廃工場についた頃には、すっかり夜になってしまっていた。


吸血鬼だから夜型、と思われがちだがそれは正しくない。日光に弱いものは必然、夜にしか活動しないのであって、オレやカイのように日光が平気な吸血鬼は、24時間バッチリ戦闘態勢を整えることができる。


夜の闇がオレに力をくれる!!


……なんて二次元な設定もない。


「なかなか広いな」


外から見た感じ、高校の体育館の4倍くらいの建物が二つ。その周りに半分くらいの倉庫が二つ。敷地内には錆びたり潰れたりした自動車の残骸が、無造作に積み上げられている。


「自動車解体業をしていたらしいわ」


谷崎さんが真剣な顔であたりを警戒しながら言った。手には拳銃が握られている。


「うわ、いつのまに!?」


「そんなに驚くこと?わたしこれでも刑事よ」


谷崎さんはオレの視線に文句を言いながら、拳銃のセイフティを外した。余談だが、美人な女性と拳銃という組み合わせは至高だと思う。

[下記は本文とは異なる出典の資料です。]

lemma same_monotonicity_if_sgn_deriv_eq:
  fixes F G D S :: "real \<Rightarrow> real"
  assumes dF: "\<And>t. (F has_real_derivative D t) (at t)"
    and dG: "\<And>t. (G has_real_derivative S t) (at t)"
    and sgn_eq: "\<And>t. sgn (D t) = sgn (S t)"
    and nonzero: "\<And>x y. x < y \<Longrightarrow> \<exists>t\<in>{x<..<y}. S t \<noteq> 0"
  shows "same_monotonicity F G"
proof -
  have signs: "D t = 0 \<longleftrightarrow> S t = 0" "0 < D t \<longleftrightarrow> 0 < S t"
    "0 \<le> D t \<longleftrightarrow> 0 \<le> S t" "D t \<le> 0 \<longleftrightarrow> S t \<le> 0" for t
    using sgn_eq[of t] by (auto simp: sgn_if split: if_splits)
  have nonzeroD: "\<exists>t\<in>{x<..<y}. D t \<noteq> 0" if "x < y" for x y
    using nonzero[OF that] signs(1) by blast
  have "deriv F t = D t" "deriv G t = S t" for t
    using DERIV_imp_deriv dF dG by blast+
  then show ?thesis
    unfolding same_monotonicity_def
    using strict_mono_on_iff_deriv_nonneg[OF dF _ nonzeroD] strict_mono_on_iff_deriv_nonneg[OF dG _ nonzero]
      strict_antimono_on_iff_deriv_nonpos[OF dF _ nonzeroD]
      strict_antimono_on_iff_deriv_nonpos[OF dG _ nonzero]
    by (simp add: signs)
qed

lemma ex_nonzero_in_interval_if_no_double_zero:
  fixes f f' :: "real \<Rightarrow> real"
  assumes deriv: "\<And>t. (f has_real_derivative f' t) (at t)"
    and no_double_zero: "\<And>t. f t = 0 \<Longrightarrow> f' t \<noteq> 0" and "x < y"
  shows "\<exists>t\<in>{x<..<y}. f t \<noteq> 0"
proof (rule ccontr)
  assume "\<not> ?thesis"
  then have zero: "f u = 0" if "u \<in> {x<..<y}" for u
    using that by blast
  have mid: "(x + y) / 2 \<in> {x<..<y}"
    using \<open>x < y\<close> by simp
  have "f' ((x + y) / 2) = 0"
    using DERIV_zero_if_constant_on_open[OF deriv open_greaterThanLessThan mid zero] .
  with no_double_zero zero[OF mid] show False by blast
qed

lemma sin_scaled_nonzero_in_interval:
  fixes w x y :: real
  assumes "w \<noteq> 0" "x < y"
  shows "\<exists>t\<in>{x<..<y}. sin (w * t) \<noteq> 0"
proof (rule ex_nonzero_in_interval_if_no_double_zero[OF _ _ \<open>x < y\<close>])
  show "((\<lambda>t. sin (w * t)) has_real_derivative cos (w * t) * w) (at t)" for t
    by (auto intro!: derivative_eq_intros)
  show "cos (w * t) * w \<noteq> 0" if "sin (w * t) = 0" for t
    using that sin_cos_squared_add[of "w * t"] \<open>w \<noteq> 0\<close> by auto
qed

lemma cos_scaled_nonzero_in_interval:
  fixes w x y :: real
  assumes "w \<noteq> 0" "x < y"
  shows "\<exists>t\<in>{x<..<y}. cos (w * t) \<noteq> 0"
proof (rule ex_nonzero_in_interval_if_no_double_zero[OF _ _ \<open>x < y\<close>])
  show "((\<lambda>t. cos (w * t)) has_real_derivative - sin (w * t) * w) (at t)" for t
    by (auto intro!: derivative_eq_intros)
  show "- sin (w * t) * w \<noteq> 0" if "cos (w * t) = 0" for t
    using that sin_cos_squared_add[of "w * t"] \<open>w \<noteq> 0\<close> by auto
qed

lemma cos_like_sym_same_monotonicity:
  fixes F G D S :: "real \<Rightarrow> real"
  assumes "T > 0" "cos_like_sym T c F" "cos_like_sym T c' G"
    and dF: "\<And>t. (F has_real_derivative D t) (at t)"
    and dG: "\<And>t. (G has_real_derivative S t) (at t)"
    and quarter: "\<And>t. t \<in> {-T/4..0} \<Longrightarrow> sgn (D t) = sgn (S t)"
    and nonzero: "\<And>x y. x < y \<Longrightarrow> \<exists>t\<in>{x<..<y}. S t \<noteq> 0"
  shows "same_monotonicity F G"
proof (rule same_monotonicity_if_sgn_deriv_eq[OF dF dG _ nonzero])
  note D_sym = cos_like_sym_deriv[OF \<open>cos_like_sym T c F\<close> dF]
    and S_sym = cos_like_sym_deriv[OF \<open>cos_like_sym T c' G\<close> dG]
  show "sgn (D t) = sgn (S t)" for t
    by (rule sgn_eq_by_reflections[OF \<open>T > 0\<close>, where e = "- 1" and e' = 1])
      (simp_all add: D_sym S_sym quarter)
qed

lemma sin_like_sym_same_monotonicity:
  fixes F G D S :: "real \<Rightarrow> real"
  assumes "T > 0" "sin_like_sym T c F" "sin_like_sym T c' G"
    and dF: "\<And>t. (F has_real_derivative D t) (at t)"
    and dG: "\<And>t. (G has_real_derivative S t) (at t)"
    and quarter: "\<And>t. t \<in> {-T/4..0} \<Longrightarrow> sgn (D t) = sgn (S t)"
    and nonzero: "\<And>x y. x < y \<Longrightarrow> \<exists>t\<in>{x<..<y}. S t \<noteq> 0"
  shows "same_monotonicity F G"
proof (rule same_monotonicity_if_sgn_deriv_eq[OF dF dG _ nonzero])
  note D_sym = sin_like_sym_deriv[OF \<open>sin_like_sym T c F\<close> dF]
    and S_sym = sin_like_sym_deriv[OF \<open>sin_like_sym T c' G\<close> dG]
  show "sgn (D t) = sgn (S t)" for t
    by (rule sgn_eq_by_reflections[OF \<open>T > 0\<close>, where e = 1 and e' = "- 1"])
      (simp_all add: D_sym S_sym quarter)
qed

section \<open>Signs on the fundamental quarter period\<close>

lemma strict_mono_on_Icc_values:
  fixes f :: "real \<Rightarrow> real"
  assumes "strict_mono_on {a..b} f" "t \<in> {a..b}"
  shows "f t \<in> {f a..f b}" "f t = f a \<longleftrightarrow> t = a" "f t = f b \<longleftrightarrow> t = b"
proof -
  from \<open>t \<in> {a..b}\<close> have "a \<in> {a..b}" "b \<in> {a..b}" by auto
  with assms show "f t \<in> {f a..f b}" "f t = f a \<longleftrightarrow> t = a" "f t = f b \<longleftrightarrow> t = b"
    by (auto simp: strict_mono_on_less_eq strict_mono_on_eq)
qed

lemma strict_mono_on_scale: "0 < c \<Longrightarrow> strict_mono_on A (\<lambda>t. c * t :: real)"
  by (rule strict_mono_onI) simp

lemma sgn_sin_eq_on_quadrant:
  fixes x y :: real
  assumes "x \<in> {-pi/2..0}" "y \<in> {-pi/2..0}" "x = 0 \<longleftrightarrow> y = 0"
  shows "sgn (sin x) = sgn (sin y)"
proof -
  have "sgn (sin z) = (if z = 0 then 0 else - 1)" if "z \<in> {-pi/2..0}" for z :: real
    using that sin_gt_zero[of "- z"] by auto
  with assms show ?thesis by simp
qed

lemma sgn_cos_eq_on_quadrant:
  fixes x y :: real
  assumes "x \<in> {-pi/2..0}" "y \<in> {-pi/2..0}" "x = - pi/2 \<longleftrightarrow> y = - pi/2"
  shows "sgn (cos x) = sgn (cos y)"
proof -
  have "sgn (cos z) = (if z = - pi/2 then 0 else 1)" if "z \<in> {-pi/2..0}" for z :: real
    using that cos_gt_zero_pi[of z] by auto
  with assms show ?thesis by simp
qed

lemma cot_nonneg: "0 < x \<Longrightarrow> x \<le> pi/2 \<Longrightarrow> 0 \<le> cot (x :: real)"
  unfolding cot_def using cos_ge_zero[of x] sin_gt_zero[of x] by simp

オレには現代的な武器はないので(拳銃は手に入れることは出来るが、生命力の高い吸血鬼相手には、ちまちま弾を撃ち込むよりもナイフで首を跳ねるほうが効率がいい)刃渡りがちょうど自分の上腕と同じくらいのボウイナイフを構える。片刃が狩猟用に特化した愛用のナイフだ。


「まるであなたが殺人犯ね」


谷崎さんが呆れた声で言った。


「ヒドイな…」


適当に愛想笑いしておいた。犯罪者は谷崎さんのほうじゃないかと思ったけど、口には出さないでおいた。


「広いわね」


「そうだな…」


たしかにこの範囲を2人で捜索するのは大変だ。ただ、オレにはすでに、捜索すべき場所がわかっていた。


「二手にわかれよう。オレは右手の二つを見て来るから、谷崎さんは左手を見てきて」


右手には大きな建物が二つ、左手には小さな建物が二つ。


谷崎さんが疑り深い眼差しを向けてきた。


「オレは人間より感覚器官がいいから、大きい方に行く方が効率がいいだろ?」


何に疑いを持っているかは定かじゃないが、我ながら最もな意見だと思う。


「わかった。気をつけてね」


谷崎さんはなんにも疑っていない顔で、というか、こっちに見向きもしないで、左側の建物に向かっていった。


ちょっと意外だった。谷崎さんなら、なぜわたしが左手に、と疑問を提示してきそうなものだ。


「よし」


オレは疑問を頭の隅に追いやって、右手側の大きな建物に向かって、舗装されていない敷地内を歩き出した。


遠くの方に月明かりに照らされた水面が見える。これだけ海に近いので、周りにはほかに建物はなく、あるといえばコンテナくらいだ。


大きな音を出しても大丈夫そうだな、なんて考えていると、工場の入り口についた。搬入用の大きな入り口には、シャッターが降りているが、しゃがめば入れる分だけの隙間がある。


やっぱりなあ、と思いながら、建物の中へ身をかがめて侵入した。


この建物へ向かったのには、谷崎さんに説明した以上の理由がある。


オレの感覚器官、というか聴覚は、敷地内に入った瞬間から何者かの存在を知覚していた。その数はひとつ。さらに言えば、心拍数、呼吸数が尋常ではない勢いの人間だ。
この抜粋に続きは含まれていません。